> **The problem**:
Your answer should hold all lines of the entries that include the word "forall".

***** Source data

(* Let $k\ge 1$ be an integer and let $\bm\delta=(\delta_1,\dots,\delta_k)$ be any fixed sequence of positive reals. Then \[C_k(n,\dots,n)=\begin{cases}\Omega\left(n^{\lfloor (k+1)/3\rfloor+1}\right), & \text{if } k\equiv 0,2 \pmod 3,\\ \Omega\left(n^{(k-1)/3}\,u_2(n)\right), & \text{if } k\equiv 1\pmod 3.\end{cases}\]
   Context: For a fixed $\bm\delta=(\delta_1,\dots,\delta_k)$ and sets $P_1,\dots,P_{k+1}\subseteq\mathbb{R}^2$, let $C_k(P_1,\dots,P_{k+1})$ be the number of $(k+1)$-tuples $(p_1,\dots,p_{k+1})$ with $p_i\in P_i$ for all $i$, $\|p_i-p_{i+1}\|=\delta_i$ for all $i\in[k]$, and $p_i\ne p_j$ for $i\ne j$. Let $C_k(n_1,\dots,n_{k+1})$ be the maximum of $C_k(P_1,\dots,P_{k+1})$ over all $P_1,\dots,P_{k+1}\subseteq\mathbb{R}^2$ with $|P_i|\le n_i$. $u_2(n)$ denotes the maximum number of pairs of points at distance exactly $1$ in a set of $n$ points in $\mathbb{R}^2$. Implicit constants may depend on $k$ and $\bm\delta$. *)

theory Defs
  imports "HOL-Analysis.Analysis" "HOL-Library.Landau_Symbols"
begin

text \<open>A (k+1)-tuple of points is a function p indexed by {1..k+1}; the distances
  delta are indexed by {1..k}; the sets P are indexed by {1..k+1}.\<close>

definition path_tuples ::
  "nat \<Rightarrow> (nat \<Rightarrow> real) \<Rightarrow> (nat \<Rightarrow> (real^2) set) \<Rightarrow> (nat \<Rightarrow> real^2) set" where
  "path_tuples k \<delta> P =
     {p \<in> {1..k+1} \<rightarrow>\<^sub>E UNIV.
        (\<forall>i\<in>{1..k+1}. p i \<in> P i) \<and>
        (\<forall>i\<in>{1..k}. dist (p i) (p (i+1)) = \<delta> i) \<and>
        inj_on p {1..k+1}}"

**********

> **Answer box**:
        (\<forall>i\<in>{1..k+1}. p i \<in> P i) \<and>
        (\<forall>i\<in>{1..k}. dist (p i) (p (i+1)) = \<delta> i) \<and>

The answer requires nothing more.